Continous Integration (CI) is the practice of merging in code changes frequently and automatically testing changes as they are committed. Continuous Deployment (CD) means automatically deploying integrated changes to a staging or production environment. Together, they allow you to make more frequent improvements to your assistant and efficiently test and deploy those changes.

This guide will cover what should go in a CI/CD pipeline, specific to a Rasa project. How you implement that pipeline is up to you. There are many CI/CD tools out there, such as GitHub Actions, GitLab CI/CD, Jenkins, and CircleCI. We recommend choosing a tool that integrates with whatever Git repository you use.

Continuous Integration (CI)

The best way to improve an assistant is with frequent incremental updates. No matter how small a change is, you want to be sure that it doesn't introduce new problems or negatively impact the performance of your assistant.

It is usually best to run CI checks on merge / pull requests or on commit. Most tests are quick enough to run on every change. However, you can choose to run more resource-intensive tests only when certain files have been changed or when some other indicator is present. For example, if your code is hosted on Github, you can make a test run only if the pull request has a certain label (e.g. “NLU testing required”).

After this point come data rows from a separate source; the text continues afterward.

lemma interval_meet_orth:
  assumes x: "x \<in> L"
  shows "x \<sqinter> (b \<sqinter> x\<^sup>\<perp>) = \<zero>"
proof -
  have "x \<sqinter> (b \<sqinter> x\<^sup>\<perp>) = b \<sqinter> (x \<sqinter> x\<^sup>\<perp>)"
    using b x by (metis meet_assoc meet_comm orth_closed)
  then show ?thesis
    using b x zero_least[OF b] by (simp add: meet_orth_self meet_eq_right)
qed

lemma interval_join_orth: "x \<in> L \<Longrightarrow> x \<sqsubseteq> b \<Longrightarrow> x \<squnion> b \<sqinter> x\<^sup>\<perp> = b"
  using orthomodular b by (simp add: meet_comm)

lemma interval_orthomodular:
  assumes x: "x \<in> L" and y: "y \<in> L" and "x \<sqsubseteq> y" "y \<sqsubseteq> b"
  shows "x \<squnion> (b \<sqinter> x\<^sup>\<perp>) \<sqinter> y = y"
proof -
  have "(b \<sqinter> x\<^sup>\<perp>) \<sqinter> y = x\<^sup>\<perp> \<sqinter> (b \<sqinter> y)"
    using b x y by (simp add: meet_comm[of b "x\<^sup>\<perp>"] meet_assoc)
  also have "b \<sqinter> y = y"
    using meet_eq_right[OF y b \<open>y \<sqsubseteq> b\<close>] .
  finally show ?thesis
    using orthomodular[OF x y \<open>x \<sqsubseteq> y\<close>] by simp
qed

lemma leq_interval: "leq (interval M b) = leq M"
  by (simp add: leq_def interval_def fun_eq_iff)

lemma interval_is_OML: "is_OML (interval M b)"
proof -
  have meet_in: "x \<sqinter> y \<sqsubseteq> b" if "x \<in> L" "y \<in> L" "x \<sqsubseteq> b" for x y
    using leq_trans[OF _ _ b meet_leq1 \<open>x \<sqsubseteq> b\<close>] that by simp
  have join_in: "x \<squnion> y \<sqsubseteq> b" if "x \<in> L" "y \<in> L" "x \<sqsubseteq> b" "y \<sqsubseteq> b" for x y
    using join_least that b by simp
  show ?thesis
    unfolding is_OML_def leq_interval
    using b by (auto simp: interval_def meet_in join_in meet_leq1 zero_least leq_refl
        meet_absorb join_absorb interval_orth_orth interval_orth_antimono
        interval_meet_orth interval_join_orth interval_orthomodular
        intro: meet_comm join_comm meet_assoc join_assoc)
qed

end

context
  fixes a
  assumes a: "a \<in> L"
begin

lemma mem_centralizer_iff: "x \<in> centralizer M a \<longleftrightarrow> x \<in> L \<and> x = x \<sqinter> a \<squnion> x \<sqinter> a\<^sup>\<perp>"
  using a by (auto simp: centralizer_def commutes_iff_decomposition)

lemma join_orthogonal_mem_centralizer:
  "u \<in> L \<Longrightarrow> u \<sqsubseteq> a \<Longrightarrow> v \<in> L \<Longrightarrow> v \<sqsubseteq> a\<^sup>\<perp> \<Longrightarrow> u \<squnion> v \<in> centralizer M a"
  using commutes_join_orthogonal[OF a] by (simp add: centralizer_def)

lemma centralizer_join_decomposition:
  assumes "x \<in> centralizer M a" "y \<in> centralizer M a"
  shows "x \<squnion> y = (x \<sqinter> a \<squnion> y \<sqinter> a) \<squnion> (x \<sqinter> a\<^sup>\<perp> \<squnion> y \<sqinter> a\<^sup>\<perp>)"
  using assms a join_join_swap[of "x \<sqinter> a" "x \<sqinter> a\<^sup>\<perp>" "y \<sqinter> a" "y \<sqinter> a\<^sup>\<perp>"]
  by (simp add: mem_centralizer_iff)

lemma centralizer_orth_meet:
  assumes x: "x \<in> centralizer M a"
  shows "x\<^sup>\<perp> \<sqinter> a = a \<sqinter> (x \<sqinter> a)\<^sup>\<perp>" and "x\<^sup>\<perp> \<sqinter> a\<^sup>\<perp> = a\<^sup>\<perp> \<sqinter> (x \<sqinter> a\<^sup>\<perp>)\<^sup>\<perp>"
proof -
  have "x \<in> L" and "x \<sqinter> a \<squnion> x \<sqinter> a\<^sup>\<perp> = x"
    using x by (simp_all add: mem_centralizer_iff)
  then show "x\<^sup>\<perp> \<sqinter> a = a \<sqinter> (x \<sqinter> a)\<^sup>\<perp>" and "x\<^sup>\<perp> \<sqinter> a\<^sup>\<perp> = a\<^sup>\<perp> \<sqinter> (x \<sqinter> a\<^sup>\<perp>)\<^sup>\<perp>"
    using orth_join_orthogonal_meet[OF a, of "x \<sqinter> a" "x \<sqinter> a\<^sup>\<perp>"]
      orth_join_orthogonal_meet_orth[OF a, of "x \<sqinter> a" "x \<sqinter> a\<^sup>\<perp>"] a
    by (simp_all add: meet_leq2)
qed

end

end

Validating Data and Stories

Data validation verifies that there are no mistakes or major inconsistencies in your domain, NLU data, or conversation data. To validate your data, have your CI run this command:

rasa data validate --fail-on-warnings --max-history <max_history>

If you pass a max_history value to a Memoization policy in your config.yml file, provide the same value in the above validator command. Otherwise, provide the default value of 5.

If data validation results in errors, training a model will also fail, so it's always good to run this check before training a model. By including the --fail-on-warnings flag, this step will fail on warnings indicating more minor issues.

To read more about the validator and all of the available options, see the documentation for rasa data validate.

Training a Model

You can train a model with the following command:

rasa train

Training a model verifies that your NLU pipeline and policy configurations are valid and trainable, and provides a model to use for testing your assistant. If the model passes the CI tests, then you can also upload the trained model to your server as part of the continuous deployment process.

Testing Your Assistant

Testing your trained model on test stories is the best way to have confidence in how your assistant will act in certain situations. Written in a modified story format, test stories allow you to provide entire conversations and test that, given certain user input, your model will behave in the expected manner. This is especially important as you start introducing more complicated stories from user conversations.

The command to run test stories is:

rasa test --fail-on-prediction-errors

By default, the command will run tests on stories from any files with names starting with test_. You can also provide a specific test stories file or directory with the --stories argument.

The --fail-on-prediction-errors flag ensures the test will fail if any test story fails.

End-to-end conversation testing is only as thorough and accurate as the test cases you include, so you should continue to grow your set of test stories as you make improvements to your assistant. A good rule of thumb to follow is that you should aim for your test stories to be representative of the true distribution of real conversations. Rasa X makes it easy to add test conversations based on real conversations.

Note: Running test stories does not execute your action code. You will need to test your action code in a separate step.

Comparing NLU Performance

If you've made significant changes to your NLU training data (e.g. splitting an intent into two intents or adding a lot of training examples), you should run a full NLU evaluation. You'll want to compare the performance of the NLU model without your changes to an NLU model with your changes.

You can do this by running NLU testing in cross-validation mode:

rasa test nlu --cross-validation

You could also train a model on a training set and testing it on a test set. If you use the train-test set approach, it is best to shuffle and split your data using rasa data split as part of this CI step, as opposed to using a static NLU test set, which can easily become outdated.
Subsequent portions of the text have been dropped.